----- Provided information -----

(* Let $\mathbf{x}$ be a random vector in $\mathbb{R}^k$ with (differentiable) pdf $p_{\mathbf{x}}$ and score function $\boldsymbol{\Psi}_{\mathbf{x}}=\nabla\log p_{\mathbf{x}}$, and let $\tilde{\mathbf{x}}=\mathbf{x}+\mathbf{n}$ where $\mathbf{n}$ is Gaussian with mean zero and covariance $\boldsymbol{\Sigma}_{\mathbf{n}}$, independent of $\mathbf{x}$; let $\boldsymbol{\Psi}_{\tilde{\mathbf{x}}}=\nabla\log p_{\tilde{\mathbf{x}}}$ be the score function of $\tilde{\mathbf{x}}$. If $\sup_{\boldsymbol{\alpha}}\|\boldsymbol{\Psi}_{\mathbf{x}}(\boldsymbol{\alpha})\|\le C$, then $\sup_{\boldsymbol{\alpha}}\|\boldsymbol{\Psi}_{\tilde{\mathbf{x}}}(\boldsymbol{\alpha})\|\le C$. *)

theory Defs
  imports "HOL-Probability.Probability"
begin

definition score :: "(real^'k \<Rightarrow> real) \<Rightarrow> real^'k \<Rightarrow> real^'k" where
  "score f \<alpha> = (\<chi> i. frechet_derivative (\<lambda>y. ln (f y)) (at \<alpha>) (axis i 1))"

definition std_gaussian_vec :: "(real^'k) measure" where
  "std_gaussian_vec = density lborel (\<lambda>z. ennreal (\<Prod>i\<in>UNIV. std_normal_density (z $ i)))"

text \<open>N is a (possibly degenerate) Gaussian random vector with mean zero and
  covariance Cov: N has the law of A z with z standard Gaussian and A A^T = Cov.\<close>
definition gaussian_vec :: "'a measure \<Rightarrow> ('a \<Rightarrow> real^'k) \<Rightarrow> real^'k^'k \<Rightarrow> bool" where
  "gaussian_vec M N Cov \<longleftrightarrow> N \<in> borel_measurable M \<and>
     (\<exists>A :: real^'k^'k. A ** transpose A = Cov \<and>
        distr M borel N = distr std_gaussian_vec borel (\<lambda>z. A *v z))"

end

theory Submission imports Defs begin

text \<open>The density of \<open>X + N\<close> is the mixture \<open>q y = E p (y - N)\<close> of translates of \<open>p\<close>; only
  the independence of the noise matters, not its Gaussianity. The score bound makes \<open>ln p\<close>
  \<open>C\<close>-Lipschitz, so \<open>p a \<le> exp (C \<parallel>a - b\<parallel>) p b\<close>. This comparison shows that \<open>q\<close> is finite
  everywhere (if it were infinite at one point it would be infinite everywhere, contradicting
  total mass 1) and supplies the integrable dominating function needed to differentiate under
  the integral: \<open>\<nabla>q y = E (p (y - N) \<Psi>\<^sub>p (y - N))\<close>. Hence \<open>\<Psi>\<^sub>q y\<close> is an average of values of
  \<open>\<Psi>\<^sub>p\<close> with respect to the weights \<open>p (y - N)\<close>, and its norm is at most \<open>C\<close>.\<close>

lemma linear_eq_inner_axis:
  fixes L :: "real^'k \<Rightarrow> real"
  assumes "linear L"
  shows "L u = (\<chi> i. L (axis i 1)) \<bullet> u"
proof -
  have "L u = L (\<Sum>i\<in>UNIV. (u$i) *s axis i 1)" by (simp add: basis_expansion)
  also have "\<dots> = (\<Sum>i\<in>UNIV. u$i * L (axis i 1))"
    using assms by (simp add: linear_sum linear_scale scalar_mult_eq_scaleR)
  also have "\<dots> = (\<chi> i. L (axis i 1)) \<bullet> u"
    by (simp add: inner_vec_def mult.commute)
  finally show ?thesis .
qed
lemma system_solvable_iff_separated_on:
  "system_solvable q k dstar es S
     \<longleftrightarrow> separated_on S (\<lambda>e \<alpha>. monomial_eval k \<alpha> e) (Ecal q k dstar) (\<lambda>\<alpha>. monomial_eval k \<alpha> es)"
  by (simp add: system_solvable_def separated_on_def)

lemma finite_Ecal: "finite (Ecal q k m)"
  by (rule finite_subset[of _ "exps q k"]) (auto simp: Ecal_def exps_def finite_PiE)

lemma card_non_separated_subsets_le:
  fixes u :: "'e \<Rightarrow> 'p \<Rightarrow> 'a::{finite,field}"
  assumes E: "finite E" and P: "finite P"
    and zero_sets: "\<And>c. card {\<alpha> \<in> P. w \<alpha> = (\<Sum>e\<in>E. c e * u e \<alpha>)} \<le> M"
  shows "card {S. S \<subseteq> P \<and> card S = n \<and> \<not> separated_on S u E w} \<le> CARD('a) ^ card E * (M choose n)"
proof -
  define Z where "Z c = {\<alpha> \<in> P. w \<alpha> = (\<Sum>e\<in>E. c e * u e \<alpha>)}" for c
  have cover: "{S. S \<subseteq> P \<and> card S = n \<and> \<not> separated_on S u E w}
      \<subseteq> (\<Union>c\<in>PiE E (\<lambda>_. UNIV). {S. S \<subseteq> Z c \<and> card S = n})"
  proof safe
    fix S assume S: "S \<subseteq> P" "\<not> separated_on S u E w"
    then obtain c where c: "\<forall>\<alpha>\<in>S. w \<alpha> = (\<Sum>e\<in>E. c e * u e \<alpha>)"
      using in_span_on_or_separated_on[OF E finite_subset[OF S(1) P], where u = u and w = w]
      by (auto simp: in_span_on_def)
    have "S \<subseteq> Z (restrict c E)"
      using S(1) c by (auto simp: Z_def intro: sum.cong)
    then show "S \<in> (\<Union>c\<in>PiE E (\<lambda>_. UNIV). {S'. S' \<subseteq> Z c \<and> card S' = card S})"
      by auto
  qed
  have "card {S. S \<subseteq> P \<and> card S = n \<and> \<not> separated_on S u E w}
      \<le> card (\<Union>c\<in>PiE E (\<lambda>_. UNIV). {S. S \<subseteq> Z c \<and> card S = n})"
    by (rule card_mono[OF finite_subset[of _ "Pow P"] cover]) (use P in \<open>auto simp: Z_def\<close>)
  also have "\<dots> \<le> (\<Sum>c\<in>PiE E (\<lambda>_. UNIV::'a set). card {S. S \<subseteq> Z c \<and> card S = n})"
    by (rule card_UN_le) (simp add: E finite_PiE)
  also have "\<dots> \<le> (\<Sum>c\<in>PiE E (\<lambda>_. UNIV::'a set). M choose n)"
    using P zero_sets by (intro sum_mono) (simp add: Z_def n_subsets binomial_right_mono)
  also have "\<dots> = CARD('a) ^ card E * (M choose n)"
    using E by (simp add: card_PiE)
  finally show ?thesis .
qed
lemma witness_dual_triangle_unmarked_exit:
  assumes "general_position S" and "exit_edge_witness S a b c"
  shows "unmarked_tri_exit_ab S a b c (dual_triangle a b c)"
proof -
  have S: "{a, b, c} \<subseteq> S" and "orient a b c \<noteq> 0"
    using assms unfolding exit_edge_witness_def general_position_def by auto
  have "v \<notin> dline p" if "p \<in> S" and "v \<in> dual_triangle a b c" for p v
  proof (cases "p \<in> {a, b, c}")
    case True
    then show ?thesis
      using that(2) by (auto simp: mem_dual_triangle dline_def)
  next
    case False
    then have "orient a b p * orient a b c * (dual_normal p \<bullet> v) < 0"
      using exit_edge_witness_orient[OF assms that(1)] that(2)
      by (intro orient_inner_dual_normal_on_dual_triangle) auto
    then show ?thesis by (auto simp: dline_def)
  qed
  then have "dual_triangle a b c \<in> components (sphere 0 1 - \<Union>(dline ` S))"
    and "dual_triangle a b c \<in> components (sphere 0 1 - \<Union>(dline ` {a, b, c}))"
    using S \<open>orient a b c \<noteq> 0\<close> by (blast intro: dual_triangle_in_components)+
  then show ?thesis
    using dual_triangle_exit_vertex[OF \<open>orient a b c \<noteq> 0\<close>] not_marked_dual_triangle
    by (simp add: unmarked_tri_exit_ab_def tri_cell_def is_cell_def Un_assoc)
qed

theorem mainTheorem9:
  fixes S :: "(real \<times> real) set" and a b c d :: "real \<times> real"
  assumes "finite S" and "general_position S"
    and "a \<in> S" and "b \<in> S"
    and "exit_edge_witness S a b c" and "exit_edge_witness S a b d" and "c \<noteq> d"
  shows "\<exists>C D. unmarked_tri_exit_ab S a b c C \<and> unmarked_tri_exit_ab S a b d D \<and>
           C \<noteq> D \<and> C \<noteq> uminus ` D"
proof (intro exI conjI)
  let ?C = "dual_triangle a b c" and ?D = "dual_triangle a b d"
  show "unmarked_tri_exit_ab S a b c ?C" "unmarked_tri_exit_ab S a b d ?D"
    using witness_dual_triangle_unmarked_exit assms(2,5,6) by blast+
  obtain v where v: "v \<in> ?C"
    using dual_triangle_nonempty assms(2,5) unfolding exit_edge_witness_def general_position_def by blast
  have "d \<in> S" "d \<notin> {a, b, c}"
    using assms(5-7) unfolding exit_edge_witness_def by auto
  then have "orient a b d * orient a b c * (dual_normal d \<bullet> v) < 0"
    using exit_edge_witness_orient[OF assms(2,5)] v by (intro orient_inner_dual_normal_on_dual_triangle)
  moreover have "orient a b c * orient a b d < 0"
    using exit_edge_witnesses_opposite_sides assms(2,5-7) by blast
  ultimately have "v \<notin> ?D"
    by (auto simp: mem_dual_triangle mult.commute mult_less_0_iff zero_less_mult_iff)
  then show "?C \<noteq> ?D"
    using v by blast
  show "?C \<noteq> uminus ` ?D"
  proof
    assume "?C = uminus ` ?D"
    with v have "- v \<in> ?D" by force
    with v show False by (simp add: mem_dual_triangle)
  qed
qed
lemma log_p0_prior_ratio_le:
  assumes l: "ereal (l1norm M l) \<le> R - ereal (2 * real M * \<tau>)" and x: "p0_unnorm M \<alpha> \<tau> R l x \<noteq> 0"
  shows "log (exp 1) (p0_unnorm M \<alpha> \<tau> R l x / integral\<^sup>L (lebM M) (p0_unnorm M \<alpha> \<tau> R l)
      / prior_dens M \<alpha> \<tau> R x) \<le> 2 * \<alpha> * l1norm M l + 4 * (\<Sum>j<M. ln (1 + \<bar>l j\<bar> / \<tau>)) + 2"
proof -
  define g where "g = prior_unnorm M \<alpha> \<tau> R"
  define Z where "Z = integral\<^sup>L (lebM M) (p0_unnorm M \<alpha> \<tau> R l)"
  have Z: "exp (- 1 / 4) / 2 \<le> Z"
    unfolding Z_def by (rule integral_p0_unnorm_ge)
  then have Z_pos: "0 < Z"
    by (auto intro: less_le_trans[OF _ Z])
  note support = p0_unnorm_support[OF l x]
  have g_pos: "0 < g x" "0 < g (\<lambda>j. x j - l j)"
    unfolding g_def using prior_unnorm_pos[OF tau_pos] support(2,3) by auto
  have "p0_unnorm M \<alpha> \<tau> R l x / Z / prior_dens M \<alpha> \<tau> R x = g (\<lambda>j. x j - l j) / (g x * Z)"
    using support(1) prior_const_bounds(1)
    unfolding p0_unnorm_def prior_dens_def g_def[symmetric] by (simp add: field_simps)
  then have "log (exp 1) (p0_unnorm M \<alpha> \<tau> R l x / Z / prior_dens M \<alpha> \<tau> R x)
      = ln (g (\<lambda>j. x j - l j)) - ln (g x) - ln Z"
    using g_pos Z_pos by (simp add: log_def ln_div ln_mult)
  moreover have "ln (g (\<lambda>j. x j - l j)) - ln (g x) \<le> 2 * \<alpha> * l1norm M l + 4 * (\<Sum>j<M. ln (1 + \<bar>l j\<bar> / \<tau>))"
    using ln_prior_unnorm_diff_le[OF tau_pos _ support(3,2), of \<alpha>] alpha_pos
    unfolding g_def by (simp add: l1norm_def sum.distrib sum_distrib_left)
  moreover have "ln (exp (- 1 / 4) / 2) \<le> ln Z"
    using Z Z_pos by (subst ln_le_cancel_iff) auto
  moreover have "ln (2::real) \<le> 1"
    using ln_le_minus_one[of 2] by simp
  ultimately show ?thesis
    unfolding Z_def[symmetric] by (simp add: ln_div)
qed

lemma KL_p0_le:
  assumes l: "ereal (l1norm M l) \<le> R - ereal (2 * real M * \<tau>)"
  shows "KL_divergence (exp 1) (sparsity_prior M \<alpha> \<tau> R) (p0 M \<alpha> \<tau> R l)
    \<le> 2 * \<alpha> * l1norm M l + 4 * (\<Sum>j<M. ln (1 + \<bar>l j\<bar> / \<tau>)) + 2"
  unfolding sparsity_prior_def p0_def
proof (rule sigma_finite_measure.KL_density_density_le[OF sigma_finite_lebM])
  define Z where "Z = integral\<^sup>L (lebM M) (p0_unnorm M \<alpha> \<tau> R l)"
  have "0 < exp (- 1 / 4) / (2 :: real)"
    by simp
  then have Z_pos: "0 < Z"
    unfolding Z_def using integral_p0_unnorm_ge by (rule less_le_trans)
  note C = prior_const_bounds(1)
  show "0 \<le> prior_dens M \<alpha> \<tau> R x" "0 \<le> p0_unnorm M \<alpha> \<tau> R l x / Z" for x
    using C Z_pos prior_unnorm_nonneg[OF tau_pos] by (simp_all add: prior_dens_def p0_unnorm_def)
  show "integral\<^sup>L (lebM M) (\<lambda>x. p0_unnorm M \<alpha> \<tau> R l x / Z) = 1"
    using Z_pos unfolding Z_def by simp
  show "prior_dens M \<alpha> \<tau> R x \<noteq> 0" if "p0_unnorm M \<alpha> \<tau> R l x / Z \<noteq> 0" for x
    using that prior_unnorm_pos[OF tau_pos p0_unnorm_support(2)[OF l], of x \<alpha>] C
    by (auto simp: prior_dens_def)
  show "log (exp 1) (p0_unnorm M \<alpha> \<tau> R l x / Z / prior_dens M \<alpha> \<tau> R x)
      \<le> 2 * \<alpha> * l1norm M l + 4 * (\<Sum>j<M. ln (1 + \<bar>l j\<bar> / \<tau>)) + 2"
    if "p0_unnorm M \<alpha> \<tau> R l x / Z \<noteq> 0" for x
    using that log_p0_prior_ratio_le[OF l] unfolding Z_def by auto
  show "0 \<le> 2 * \<alpha> * l1norm M l + 4 * (\<Sum>j<M. ln (1 + \<bar>l j\<bar> / \<tau>)) + 2"
    using alpha_pos tau_pos l1norm_nonneg[of M l]
    by (intro add_nonneg_nonneg mult_nonneg_nonneg sum_nonneg) auto
qed (use integrable_p0_unnorm in auto)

-----

**What the task asks**: Return each line of the data where the word "vector" appears.

**Completed task**:
(* Let $\mathbf{x}$ be a random vector in $\mathbb{R}^k$ with (differentiable) pdf $p_{\mathbf{x}}$ and score function $\boldsymbol{\Psi}_{\mathbf{x}}=\nabla\log p_{\mathbf{x}}$, and let $\tilde{\mathbf{x}}=\mathbf{x}+\mathbf{n}$ where $\mathbf{n}$ is Gaussian with mean zero and covariance $\boldsymbol{\Sigma}_{\mathbf{n}}$, independent of $\mathbf{x}$; let $\boldsymbol{\Psi}_{\tilde{\mathbf{x}}}=\nabla\log p_{\tilde{\mathbf{x}}}$ be the score function of $\tilde{\mathbf{x}}$. If $\sup_{\boldsymbol{\alpha}}\|\boldsymbol{\Psi}_{\mathbf{x}}(\boldsymbol{\alpha})\|\le C$, then $\sup_{\boldsymbol{\alpha}}\|\boldsymbol{\Psi}_{\tilde{\mathbf{x}}}(\boldsymbol{\alpha})\|\le C$. *)
text \<open>N is a (possibly degenerate) Gaussian random vector with mean zero and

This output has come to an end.